Первым обретает дар речи защитник:
— Выдвигаю предложение снять обвинение с Ц.
— Секунду, господин адвокат, — прерывает его председатель и поворачивается к Ц., который все еще ошеломленно смотрит на девушку.
— То, что она говорит, — правда?
— Да, — тихо отвечает Ц., кивнув головой.
Значит, ты тоже видел, как какой-то незнакомый юноша убил Н.?
— Нет, этого я не видел.
— Ах вот как! — вздыхает обвинитель с облегчением.
— Он видел только, как я беру камень и бегу за Н. — говорит Ева.
— Значит, ты его и убила, — констатирует защитник.
Но девушка остается невозмутимой.
— Нет, это не я была, — она даже улыбается.
— Ну, к этому мы еще вернемся, — говорит председатель. — А сейчас мне бы хотелось знать одно: почему вы до сих пор молчали, если оба не виноваты? А?
Оба молчат.
И снова говорит девушка.
Ц. решил взять все на себя, потому что подумал, что это Н. убила. Он мне не поверил, когда я сказала, что это тот, другой, сделал.
— А мы — должны, значит, тебе поверить?
Она снова улыбается.
— Не знаю, только так оно и есть.
— И ты бы спокойно стала смотреть, как его осудят, невиновного?
— Нет, не спокойно, я, правда, столько плакала. Но мне так страшно было идти в исправительный дом… и потом, потом, я же теперь все рассказала, что он не виноват.
— А почему только сейчас?
— Потому, что господин учитель тоже сказал правду.
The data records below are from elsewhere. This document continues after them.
lemma proper_closed_convex_segment_le:
  assumes "proper_closed_convex r" and a: "r a = ereal ra" and b: "r b = ereal rb"
    and "0 \<le> t" "t \<le> 1"
  shows "r (a + t *\<^sub>R (b - a)) \<le> ereal ((1 - t) * ra + t * rb)"
proof -
  let ?epi = "{(x, s::real). r x \<le> ereal s}"
  have "convex ?epi" using assms(1) unfolding proper_closed_convex_def by blast
  moreover have "(a, ra) \<in> ?epi" "(b, rb) \<in> ?epi" using a b by auto
  ultimately have "((1 - t) *\<^sub>R a + t *\<^sub>R b, (1 - t) * ra + t * rb) \<in> ?epi"
    using convexD[of ?epi "(a, ra)" "(b, rb)" "1 - t" t] \<open>0 \<le> t\<close> \<open>t \<le> 1\<close> by simp
  moreover have "(1 - t) *\<^sub>R a + t *\<^sub>R b = a + t *\<^sub>R (b - a)" by (simp add: algebra_simps)
  ultimately show ?thesis by simp
qed

lemma proper_closed_convex_finite_at_minimizer:
  assumes "proper_closed_convex r" and "0 < c" and "r p \<noteq> \<infinity>"
    and "ereal a + ereal c * r z \<le> ereal b + ereal c * r p"
  obtains v where "r z = ereal v"
proof -
  have "r p \<noteq> -\<infinity>" "r z \<noteq> -\<infinity>" using assms(1) unfolding proper_closed_convex_def by blast+
  with assms(2-4) have "r z \<noteq> \<infinity>" by auto
  with \<open>r z \<noteq> -\<infinity>\<close> that show ?thesis by (cases "r z") auto
qed

lemma composite_minimizer_variational_inequality:
  assumes pcc: "proper_closed_convex r" and "0 \<le> c"
    and deriv: "(F has_derivative (\<lambda>h. g \<bullet> h)) (at a)"
    and min: "\<And>y. ereal (F a) + ereal c * r a \<le> ereal (F y) + ereal c * r y"
    and ra: "r a = ereal ra" and rw: "r w = ereal rw"
  shows "0 \<le> g \<bullet> (w - a) + c * (rw - ra)"
proof -
  define \<phi> where "\<phi> t = F (a + t *\<^sub>R (w - a)) + c * (t * (rw - ra))" for t
  have "(\<phi> has_real_derivative (g \<bullet> (w - a) + c * (rw - ra))) (at 0)"
    unfolding \<phi>_def using has_real_derivative_along_line[OF deriv]
    by (auto intro!: derivative_eq_intros)
  moreover have "\<phi> 0 \<le> \<phi> t" if "0 < t" "t \<le> 1" for t
  proof -
    define q where "q = a + t *\<^sub>R (w - a)"
    have "r q \<le> ereal ((1 - t) * ra + t * rw)"
      unfolding q_def using proper_closed_convex_segment_le[OF pcc ra rw] that by simp
    then obtain rq where rq: "r q = ereal rq" "rq \<le> (1 - t) * ra + t * rw"
      using proper_closed_convex_finite_if_le[OF pcc] by blast
    have "F a + c * ra \<le> F q + c * rq" using min[of q] ra rq by simp
    moreover have "c * rq \<le> c * ((1 - t) * ra + t * rw)" using rq(2) \<open>0 \<le> c\<close> by (rule mult_left_mono)
    ultimately show ?thesis unfolding \<phi>_def q_def by (simp add: algebra_simps)
  qed
  ultimately show ?thesis by (rule DERIV_nonneg_at_right_min)
qed
text \<open>A factor dominated by a multiple of \<open>b\<close> tames the logarithmic singularity of \<open>ln b\<close>
  at the zeros of \<open>b\<close>, since \<open>\<bar>a ln b\<bar> \<le> C \<bar>b ln b\<bar>\<close> and \<open>b ln b \<rightarrow> 0\<close>.\<close>
lemma continuous_on_mult_ln_dominated:
  fixes a b :: "'a::t2_space \<Rightarrow> real"
  assumes ca: "continuous_on S a" and cb: "continuous_on S b"
    and dominated: "\<And>x. x \<in> S \<Longrightarrow> 0 \<le> a x \<and> a x \<le> C * b x"
    and b_nonneg: "\<And>x. x \<in> S \<Longrightarrow> 0 \<le> b x"
  shows "continuous_on S (\<lambda>x. a x * ln (b x))"
proof -
  have b_ln_b: "continuous_on S (\<lambda>y. b y * ln (b y))"
    using continuous_on_compose2[OF continuous_on_x_ln_x cb] b_nonneg by force
  have "continuous (at x within S) (\<lambda>x. a x * ln (b x))" if x: "x \<in> S" for x
  proof (cases "b x = 0")
    case False
    with b_nonneg[OF x] have "b x > 0" by simp
    then have "continuous (at x within S) (\<lambda>x. ln (b x))"
      using cb x by (auto intro!: continuous_intros simp: continuous_on_eq_continuous_within)
    moreover have "continuous (at x within S) a"
      using ca x continuous_on_eq_continuous_within by blast
    ultimately show ?thesis
      by (intro continuous_mult)
  next
    case True
    have C: "C \<ge> 0" if "y \<in> S" "b y > 0" for y
      using dominated[OF that(1)] that(2) by (smt (verit) mult_neg_pos)
    have bound: "norm (a y * ln (b y)) \<le> \<bar>C\<bar> * \<bar>b y * ln (b y)\<bar>" if y: "y \<in> S" for y
    proof (cases "b y = 0")
      case False
      with b_nonneg[OF y] have "b y > 0" by simp
      have "norm (a y * ln (b y)) = a y * \<bar>ln (b y)\<bar>"
        using dominated[OF y] by (simp add: abs_mult)
      also have "\<dots> \<le> C * b y * \<bar>ln (b y)\<bar>"
        using dominated[OF y] by (intro mult_right_mono) auto
      also have "\<dots> = \<bar>C\<bar> * \<bar>b y * ln (b y)\<bar>"
        using \<open>b y > 0\<close> C[OF y \<open>b y > 0\<close>] by (simp add: abs_mult)
      finally show ?thesis .
    qed simp
    have "((\<lambda>y. b y * ln (b y)) \<longlongrightarrow> b x * ln (b x)) (at x within S)"
      using b_ln_b x by (simp add: continuous_on_def)
    with True have "((\<lambda>y. b y * ln (b y)) \<longlongrightarrow> 0) (at x within S)"
      by simp
    then have "((\<lambda>y. \<bar>C\<bar> * \<bar>b y * ln (b y)\<bar>) \<longlongrightarrow> 0) (at x within S)"
      by (auto intro: tendsto_eq_intros)
    then have "((\<lambda>y. a y * ln (b y)) \<longlongrightarrow> 0) (at x within S)"
      by (rule Lim_null_comparison[rotated]) (use bound in \<open>auto simp: eventually_at_filter\<close>)
    moreover have "a x = 0"
      using dominated[OF x] True by simp
    ultimately show ?thesis
      using True by (simp add: continuous_within)
  qed
  then show ?thesis
    by (simp add: continuous_on_eq_continuous_within)
qed

lemma mult_ln_div_le:
  fixes p q :: real
  assumes "0 < p" and "0 < q"
  shows "p * ln (q / p) \<le> q - p"
proof -
  have "p * ln (q / p) \<le> p * (q / p - 1)"
    using assms by (intro mult_left_mono ln_le_minus_one) simp_all
  also have "\<dots> = q - p"
    using assms by (simp add: field_simps)
  finally show ?thesis .
qed

lemma one_add_power2_pos: "0 < 1 + (x::real)^2"
  by (simp add: add_pos_nonneg)

lemma one_add_power2_neq_0: "1 + (x::real)^2 \<noteq> 0"
  using one_add_power2_pos[of x] by simp

text \<open>Cumulative weight of the extreme Kerr profile \<open>\<sigma> = -ln (1 + cos\<^sup>2 \<theta>)\<close>, whose weight
  density \<open>sin\<^sup>3 \<theta> / (1 + cos\<^sup>2 \<theta>)\<^sup>2\<close> has total mass \<open>1\<close>.\<close>
definition kerr_cdf :: "real \<Rightarrow> real" where
  "kerr_cdf t = (1 - cos t)^2 / (2 * (1 + (cos t)^2))"

definition kerr_density :: "real \<Rightarrow> real" where
  "kerr_density t = sin t ^ 3 / (1 + (cos t)^2)^2"

lemma kerr_cdf_has_real_derivative: "(kerr_cdf has_real_derivative kerr_density t) (at t)"
proof -
  obtain d where d: "1 + (cos t)^2 = d" by simp
  have "d \<noteq> 0"
    using one_add_power2_pos[of "cos t"] d by simp
  show ?thesis
    unfolding kerr_cdf_def[abs_def] kerr_density_def
    apply (rule derivative_eq_intros refl)+
    apply (simp_all only: d)
    using \<open>d \<noteq> 0\<close> apply simp
    apply (simp add: field_simps \<open>d \<noteq> 0\<close>)
    using sin_cos_squared_add[of t] d by algebra
qed

lemma kerr_cdf_0 [simp]: "kerr_cdf 0 = 0"
  and kerr_cdf_pi [simp]: "kerr_cdf pi = 1"
  by (simp_all add: kerr_cdf_def)

lemma one_minus_kerr_cdf: "1 - kerr_cdf t = (1 + cos t)^2 / (2 * (1 + (cos t)^2))"
  using one_add_power2_pos[of "cos t"]
  by (simp add: kerr_cdf_def field_simps power2_eq_square)

lemma kerr_cdf_nonneg: "0 \<le> kerr_cdf t"
  and kerr_cdf_le_1: "kerr_cdf t \<le> 1"
proof -
  show "0 \<le> kerr_cdf t"
    using one_add_power2_pos[of "cos t"] by (simp add: kerr_cdf_def)
  have "0 \<le> 1 - kerr_cdf t"
    using one_add_power2_pos[of "cos t"] by (simp add: one_minus_kerr_cdf)
  then show "kerr_cdf t \<le> 1" by simp
qed

lemma kerr_cdf_strict_bounds:
  assumes "t \<in> {0<..<pi}"
  shows "0 < kerr_cdf t" "kerr_cdf t < 1"
proof -
  have "-1 < cos t" "cos t < 1"
    using assms cos_monotone_0_pi[of 0 t] cos_monotone_0_pi[of t pi] by auto
  then show "0 < kerr_cdf t"
    using one_add_power2_pos[of "cos t"] by (simp add: kerr_cdf_def)
  have "0 < 1 - kerr_cdf t"
    using \<open>-1 < cos t\<close> one_add_power2_pos[of "cos t"] by (simp add: one_minus_kerr_cdf)
  then show "kerr_cdf t < 1" by simp
qed

lemma kerr_cdf_mult_one_minus:
  "kerr_cdf t * (1 - kerr_cdf t) = sin t ^ 4 / (4 * (1 + (cos t)^2)^2)"
proof -
  have "(1 - cos t)^2 * (1 + cos t)^2 = (1 - (cos t)^2)^2"
    by algebra
  also have "\<dots> = sin t ^ 4"
    by (simp add: sin_squared_eq[symmetric])
  finally have numerator: "(1 - cos t)^2 * (1 + cos t)^2 = sin t ^ 4" .
  have "kerr_cdf t * (1 - kerr_cdf t)
      = ((1 - cos t)^2 * (1 + cos t)^2) / (2 * (1 + (cos t)^2))^2"
    unfolding one_minus_kerr_cdf unfolding kerr_cdf_def
    by (simp add: times_divide_times_eq power2_eq_square)
  also have "\<dots> = sin t ^ 4 / (4 * (1 + (cos t)^2)^2)"
    unfolding numerator by (simp add: power2_eq_square algebra_simps)
  finally show ?thesis .
qed

lemma kerr_density_div_cdf_variance:
  assumes "sin t \<noteq> 0"
  shows "kerr_density t / (kerr_cdf t * (1 - kerr_cdf t)) = 4 / sin t"
proof -
  obtain d where d: "1 + (cos t)^2 = d" by simp
  with one_add_power2_pos[of "cos t"] have "d \<noteq> 0" by simp
  with assms show ?thesis
    unfolding kerr_cdf_mult_one_minus kerr_density_def d by (simp add: field_simps eval_nat_numeral)
qed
— Удивительно! — усмехается обвинитель.
— А если б господин учитель не стал говорить правду? — любопытствует председатель суда.
— Я бы тоже смолчала.
— А я-то думал, — язвит защитник, — что ты любишь Ц. А оказывается, это была не настоящая любовь.
Он улыбается.
Ева серьезно глядит на защитника.
— Нет, — тихо говорит она, — я его не люблю.
Ц. быстро встает.
— И не любила никогда, — говорит она немного громче и опускает голову.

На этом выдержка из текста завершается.